Saved data entries:
══════════════════════════════

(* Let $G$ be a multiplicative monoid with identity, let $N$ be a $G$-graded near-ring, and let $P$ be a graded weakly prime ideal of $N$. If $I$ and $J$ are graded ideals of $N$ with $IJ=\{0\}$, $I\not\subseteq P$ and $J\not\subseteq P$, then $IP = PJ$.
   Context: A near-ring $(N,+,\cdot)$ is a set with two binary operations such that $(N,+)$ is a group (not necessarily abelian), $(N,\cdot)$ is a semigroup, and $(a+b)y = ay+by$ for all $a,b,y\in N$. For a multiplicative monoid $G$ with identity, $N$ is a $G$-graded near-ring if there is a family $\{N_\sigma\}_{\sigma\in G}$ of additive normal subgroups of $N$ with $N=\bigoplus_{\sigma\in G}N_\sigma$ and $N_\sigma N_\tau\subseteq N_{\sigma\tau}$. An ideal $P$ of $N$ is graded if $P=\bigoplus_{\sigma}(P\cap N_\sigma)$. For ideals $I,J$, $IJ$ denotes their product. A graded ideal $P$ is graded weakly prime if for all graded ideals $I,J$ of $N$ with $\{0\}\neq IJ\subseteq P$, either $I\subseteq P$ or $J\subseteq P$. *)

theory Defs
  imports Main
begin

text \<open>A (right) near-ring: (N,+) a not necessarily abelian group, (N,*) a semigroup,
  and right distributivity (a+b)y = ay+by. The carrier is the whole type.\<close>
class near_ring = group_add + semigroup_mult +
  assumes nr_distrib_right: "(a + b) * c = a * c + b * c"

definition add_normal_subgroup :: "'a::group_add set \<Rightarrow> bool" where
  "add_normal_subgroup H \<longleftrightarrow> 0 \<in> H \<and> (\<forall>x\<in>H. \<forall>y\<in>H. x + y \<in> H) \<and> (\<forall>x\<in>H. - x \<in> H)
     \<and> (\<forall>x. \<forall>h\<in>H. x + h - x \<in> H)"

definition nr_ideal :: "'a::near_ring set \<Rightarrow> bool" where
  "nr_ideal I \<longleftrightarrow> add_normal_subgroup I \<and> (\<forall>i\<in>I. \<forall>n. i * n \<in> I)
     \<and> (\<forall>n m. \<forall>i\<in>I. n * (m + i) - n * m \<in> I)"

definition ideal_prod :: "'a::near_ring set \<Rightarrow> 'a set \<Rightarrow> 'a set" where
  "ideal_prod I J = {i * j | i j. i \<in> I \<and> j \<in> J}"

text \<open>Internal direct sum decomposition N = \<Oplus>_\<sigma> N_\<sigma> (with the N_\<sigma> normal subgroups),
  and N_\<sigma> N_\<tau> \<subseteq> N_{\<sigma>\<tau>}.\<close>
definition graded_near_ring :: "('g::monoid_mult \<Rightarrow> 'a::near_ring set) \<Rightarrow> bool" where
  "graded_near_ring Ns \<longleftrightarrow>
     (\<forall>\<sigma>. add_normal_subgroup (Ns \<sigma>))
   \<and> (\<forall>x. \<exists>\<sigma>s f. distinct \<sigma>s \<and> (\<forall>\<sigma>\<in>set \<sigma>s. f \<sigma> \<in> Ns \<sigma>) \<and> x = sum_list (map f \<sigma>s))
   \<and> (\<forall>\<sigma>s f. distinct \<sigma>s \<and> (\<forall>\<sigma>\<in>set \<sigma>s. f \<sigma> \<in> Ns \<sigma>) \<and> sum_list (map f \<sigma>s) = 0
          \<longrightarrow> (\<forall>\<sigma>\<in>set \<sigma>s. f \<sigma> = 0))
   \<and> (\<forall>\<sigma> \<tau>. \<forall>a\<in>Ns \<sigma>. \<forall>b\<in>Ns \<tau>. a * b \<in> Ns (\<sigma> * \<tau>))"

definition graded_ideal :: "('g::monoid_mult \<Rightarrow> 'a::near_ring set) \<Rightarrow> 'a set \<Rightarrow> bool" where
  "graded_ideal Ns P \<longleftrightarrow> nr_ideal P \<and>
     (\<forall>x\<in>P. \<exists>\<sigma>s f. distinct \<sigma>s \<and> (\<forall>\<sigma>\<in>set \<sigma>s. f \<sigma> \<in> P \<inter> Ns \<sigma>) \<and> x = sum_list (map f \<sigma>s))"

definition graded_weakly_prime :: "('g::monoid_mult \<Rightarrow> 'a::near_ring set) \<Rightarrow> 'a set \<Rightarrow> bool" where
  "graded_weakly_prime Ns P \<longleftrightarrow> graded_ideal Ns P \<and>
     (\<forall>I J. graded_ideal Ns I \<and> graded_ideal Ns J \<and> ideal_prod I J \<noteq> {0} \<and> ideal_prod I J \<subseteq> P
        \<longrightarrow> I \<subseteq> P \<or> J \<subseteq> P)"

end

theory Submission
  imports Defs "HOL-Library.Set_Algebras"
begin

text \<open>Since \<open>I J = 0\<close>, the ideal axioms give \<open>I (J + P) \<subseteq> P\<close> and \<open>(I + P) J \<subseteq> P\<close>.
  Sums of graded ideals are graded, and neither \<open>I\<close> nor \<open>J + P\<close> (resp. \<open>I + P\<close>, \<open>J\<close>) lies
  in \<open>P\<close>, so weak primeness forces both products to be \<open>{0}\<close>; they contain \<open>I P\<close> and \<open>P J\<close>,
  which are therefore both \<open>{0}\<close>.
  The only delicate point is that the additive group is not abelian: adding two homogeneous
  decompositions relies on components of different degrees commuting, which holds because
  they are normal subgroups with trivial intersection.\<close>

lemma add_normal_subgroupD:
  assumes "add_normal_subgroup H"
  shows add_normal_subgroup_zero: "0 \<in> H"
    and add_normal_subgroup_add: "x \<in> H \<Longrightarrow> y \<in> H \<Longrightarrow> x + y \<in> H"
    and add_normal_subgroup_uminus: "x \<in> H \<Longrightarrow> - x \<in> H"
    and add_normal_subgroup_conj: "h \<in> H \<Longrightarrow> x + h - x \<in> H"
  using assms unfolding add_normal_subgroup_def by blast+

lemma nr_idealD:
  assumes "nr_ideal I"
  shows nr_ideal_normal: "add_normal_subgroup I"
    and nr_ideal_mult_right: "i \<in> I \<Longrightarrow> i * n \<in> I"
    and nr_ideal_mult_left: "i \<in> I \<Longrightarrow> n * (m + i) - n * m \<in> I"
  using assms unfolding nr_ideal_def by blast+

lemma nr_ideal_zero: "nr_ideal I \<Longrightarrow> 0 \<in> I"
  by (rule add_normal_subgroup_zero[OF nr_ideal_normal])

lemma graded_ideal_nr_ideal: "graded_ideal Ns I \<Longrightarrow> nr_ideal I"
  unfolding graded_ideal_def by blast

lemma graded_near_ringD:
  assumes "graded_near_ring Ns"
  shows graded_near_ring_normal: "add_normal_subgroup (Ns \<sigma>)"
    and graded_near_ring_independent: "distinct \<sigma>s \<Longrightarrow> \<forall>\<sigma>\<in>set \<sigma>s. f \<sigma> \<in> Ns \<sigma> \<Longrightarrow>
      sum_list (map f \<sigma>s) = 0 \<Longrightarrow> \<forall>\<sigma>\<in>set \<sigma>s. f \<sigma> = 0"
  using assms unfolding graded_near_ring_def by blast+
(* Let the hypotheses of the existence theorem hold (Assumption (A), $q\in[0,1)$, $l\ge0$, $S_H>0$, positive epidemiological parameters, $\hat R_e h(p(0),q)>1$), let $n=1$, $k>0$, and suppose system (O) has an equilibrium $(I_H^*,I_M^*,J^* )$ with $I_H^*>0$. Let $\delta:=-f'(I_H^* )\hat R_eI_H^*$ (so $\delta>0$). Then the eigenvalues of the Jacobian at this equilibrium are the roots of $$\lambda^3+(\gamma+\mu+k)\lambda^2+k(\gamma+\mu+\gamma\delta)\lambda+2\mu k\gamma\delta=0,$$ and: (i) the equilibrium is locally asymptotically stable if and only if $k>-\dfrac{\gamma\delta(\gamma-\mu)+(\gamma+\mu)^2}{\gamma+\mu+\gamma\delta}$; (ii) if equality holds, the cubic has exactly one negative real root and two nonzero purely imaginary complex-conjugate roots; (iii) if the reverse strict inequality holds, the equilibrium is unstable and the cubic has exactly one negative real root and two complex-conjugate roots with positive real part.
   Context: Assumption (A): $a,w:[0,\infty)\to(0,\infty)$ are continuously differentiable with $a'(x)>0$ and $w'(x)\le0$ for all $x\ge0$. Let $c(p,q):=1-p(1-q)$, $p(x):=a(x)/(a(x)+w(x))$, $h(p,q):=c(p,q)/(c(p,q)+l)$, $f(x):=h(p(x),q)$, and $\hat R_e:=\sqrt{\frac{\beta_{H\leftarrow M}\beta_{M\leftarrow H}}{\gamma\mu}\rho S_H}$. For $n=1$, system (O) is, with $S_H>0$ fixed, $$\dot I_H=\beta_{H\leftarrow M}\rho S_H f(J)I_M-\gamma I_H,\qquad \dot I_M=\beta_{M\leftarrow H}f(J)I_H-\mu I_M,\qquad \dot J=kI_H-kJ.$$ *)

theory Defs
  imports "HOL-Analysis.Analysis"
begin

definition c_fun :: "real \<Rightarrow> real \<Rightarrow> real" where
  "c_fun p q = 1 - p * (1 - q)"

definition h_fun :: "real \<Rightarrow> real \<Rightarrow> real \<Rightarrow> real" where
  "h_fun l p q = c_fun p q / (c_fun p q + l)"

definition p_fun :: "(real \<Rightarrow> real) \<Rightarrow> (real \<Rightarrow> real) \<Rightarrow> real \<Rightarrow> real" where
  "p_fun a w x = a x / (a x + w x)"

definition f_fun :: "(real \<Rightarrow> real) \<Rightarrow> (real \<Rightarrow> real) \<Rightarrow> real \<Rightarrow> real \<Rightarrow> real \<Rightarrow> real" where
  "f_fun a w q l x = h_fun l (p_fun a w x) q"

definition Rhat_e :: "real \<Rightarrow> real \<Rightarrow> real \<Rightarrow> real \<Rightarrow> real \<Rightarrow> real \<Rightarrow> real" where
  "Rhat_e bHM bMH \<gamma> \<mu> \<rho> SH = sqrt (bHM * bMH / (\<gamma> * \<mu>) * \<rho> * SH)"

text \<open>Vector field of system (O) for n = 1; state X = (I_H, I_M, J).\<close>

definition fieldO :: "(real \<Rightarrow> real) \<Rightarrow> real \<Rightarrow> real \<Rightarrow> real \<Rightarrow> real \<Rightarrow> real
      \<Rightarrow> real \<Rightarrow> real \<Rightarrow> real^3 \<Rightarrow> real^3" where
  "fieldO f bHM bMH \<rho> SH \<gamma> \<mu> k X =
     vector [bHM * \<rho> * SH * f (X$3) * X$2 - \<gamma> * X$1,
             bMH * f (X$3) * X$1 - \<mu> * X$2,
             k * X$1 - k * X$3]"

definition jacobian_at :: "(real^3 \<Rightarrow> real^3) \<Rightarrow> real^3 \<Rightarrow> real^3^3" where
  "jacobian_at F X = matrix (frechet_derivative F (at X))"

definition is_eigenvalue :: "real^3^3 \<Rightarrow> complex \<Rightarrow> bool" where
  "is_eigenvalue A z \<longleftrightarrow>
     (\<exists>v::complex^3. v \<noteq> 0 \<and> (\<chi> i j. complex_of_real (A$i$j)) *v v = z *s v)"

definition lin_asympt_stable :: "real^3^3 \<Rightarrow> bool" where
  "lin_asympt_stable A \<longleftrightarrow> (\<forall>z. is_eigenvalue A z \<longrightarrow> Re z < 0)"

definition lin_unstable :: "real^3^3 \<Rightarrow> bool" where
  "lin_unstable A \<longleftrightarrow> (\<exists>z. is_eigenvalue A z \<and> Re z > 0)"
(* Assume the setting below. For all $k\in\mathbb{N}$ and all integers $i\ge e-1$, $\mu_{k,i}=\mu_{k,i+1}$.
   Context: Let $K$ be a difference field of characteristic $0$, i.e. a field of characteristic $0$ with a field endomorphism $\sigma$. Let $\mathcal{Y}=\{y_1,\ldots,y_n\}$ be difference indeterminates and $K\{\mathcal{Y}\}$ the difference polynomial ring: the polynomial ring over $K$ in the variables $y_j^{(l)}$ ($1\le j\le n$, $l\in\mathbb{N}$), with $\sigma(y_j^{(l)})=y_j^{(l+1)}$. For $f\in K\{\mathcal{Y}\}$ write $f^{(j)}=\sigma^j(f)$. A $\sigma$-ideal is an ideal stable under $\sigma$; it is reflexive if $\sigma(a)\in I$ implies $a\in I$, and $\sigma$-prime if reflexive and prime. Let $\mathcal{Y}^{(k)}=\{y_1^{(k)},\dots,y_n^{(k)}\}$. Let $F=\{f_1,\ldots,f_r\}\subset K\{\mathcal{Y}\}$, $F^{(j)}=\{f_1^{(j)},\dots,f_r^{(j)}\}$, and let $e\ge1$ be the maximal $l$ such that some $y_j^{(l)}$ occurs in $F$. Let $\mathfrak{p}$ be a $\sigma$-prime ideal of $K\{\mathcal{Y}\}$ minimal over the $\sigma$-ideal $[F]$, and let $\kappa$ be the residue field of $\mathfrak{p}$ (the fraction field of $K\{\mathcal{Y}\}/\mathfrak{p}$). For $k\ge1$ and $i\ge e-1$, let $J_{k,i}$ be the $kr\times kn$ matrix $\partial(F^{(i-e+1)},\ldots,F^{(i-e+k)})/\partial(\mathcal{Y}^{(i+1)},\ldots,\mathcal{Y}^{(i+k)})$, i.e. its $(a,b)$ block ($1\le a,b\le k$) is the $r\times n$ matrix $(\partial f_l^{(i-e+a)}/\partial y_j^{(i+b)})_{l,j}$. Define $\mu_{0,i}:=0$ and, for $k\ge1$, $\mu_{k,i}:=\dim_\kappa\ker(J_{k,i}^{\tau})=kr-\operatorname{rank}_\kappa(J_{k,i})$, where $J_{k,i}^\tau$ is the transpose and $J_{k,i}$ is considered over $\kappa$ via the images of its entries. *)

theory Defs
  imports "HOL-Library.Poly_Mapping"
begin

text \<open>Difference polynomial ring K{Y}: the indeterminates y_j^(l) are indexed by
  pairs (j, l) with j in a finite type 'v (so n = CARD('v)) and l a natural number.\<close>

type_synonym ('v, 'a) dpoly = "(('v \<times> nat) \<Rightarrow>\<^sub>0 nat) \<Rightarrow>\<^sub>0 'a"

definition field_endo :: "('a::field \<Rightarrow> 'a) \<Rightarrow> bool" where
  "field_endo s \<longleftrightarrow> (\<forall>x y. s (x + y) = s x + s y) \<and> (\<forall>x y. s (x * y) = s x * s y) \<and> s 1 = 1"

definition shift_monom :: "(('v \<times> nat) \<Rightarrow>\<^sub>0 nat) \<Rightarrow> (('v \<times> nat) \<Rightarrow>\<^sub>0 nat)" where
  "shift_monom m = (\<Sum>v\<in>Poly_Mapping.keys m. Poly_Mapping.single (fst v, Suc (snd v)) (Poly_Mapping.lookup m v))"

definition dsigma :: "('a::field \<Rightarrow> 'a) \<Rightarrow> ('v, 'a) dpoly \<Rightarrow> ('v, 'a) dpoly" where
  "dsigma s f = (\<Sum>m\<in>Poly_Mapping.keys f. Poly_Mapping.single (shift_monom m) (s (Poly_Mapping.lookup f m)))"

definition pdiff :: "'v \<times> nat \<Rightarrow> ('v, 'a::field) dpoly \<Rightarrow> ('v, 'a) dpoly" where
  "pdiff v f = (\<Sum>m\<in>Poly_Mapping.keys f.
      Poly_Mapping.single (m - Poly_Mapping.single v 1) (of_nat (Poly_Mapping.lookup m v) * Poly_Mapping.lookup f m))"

══════════════════════════════

» **Instructions to follow**
Set down, from the entries above, exactly the lines from the one with "by (rule add_normal_subgroup_zero[OF" up to and including the one with "using assms unfolding graded_near_ring_def", and no other lines.

» **Solved problem**
  by (rule add_normal_subgroup_zero[OF nr_ideal_normal])

lemma graded_ideal_nr_ideal: "graded_ideal Ns I \<Longrightarrow> nr_ideal I"
  unfolding graded_ideal_def by blast

lemma graded_near_ringD:
  assumes "graded_near_ring Ns"
  shows graded_near_ring_normal: "add_normal_subgroup (Ns \<sigma>)"
    and graded_near_ring_independent: "distinct \<sigma>s \<Longrightarrow> \<forall>\<sigma>\<in>set \<sigma>s. f \<sigma> \<in> Ns \<sigma> \<Longrightarrow>
      sum_list (map f \<sigma>s) = 0 \<Longrightarrow> \<forall>\<sigma>\<in>set \<sigma>s. f \<sigma> = 0"
  using assms unfolding graded_near_ring_def by blast+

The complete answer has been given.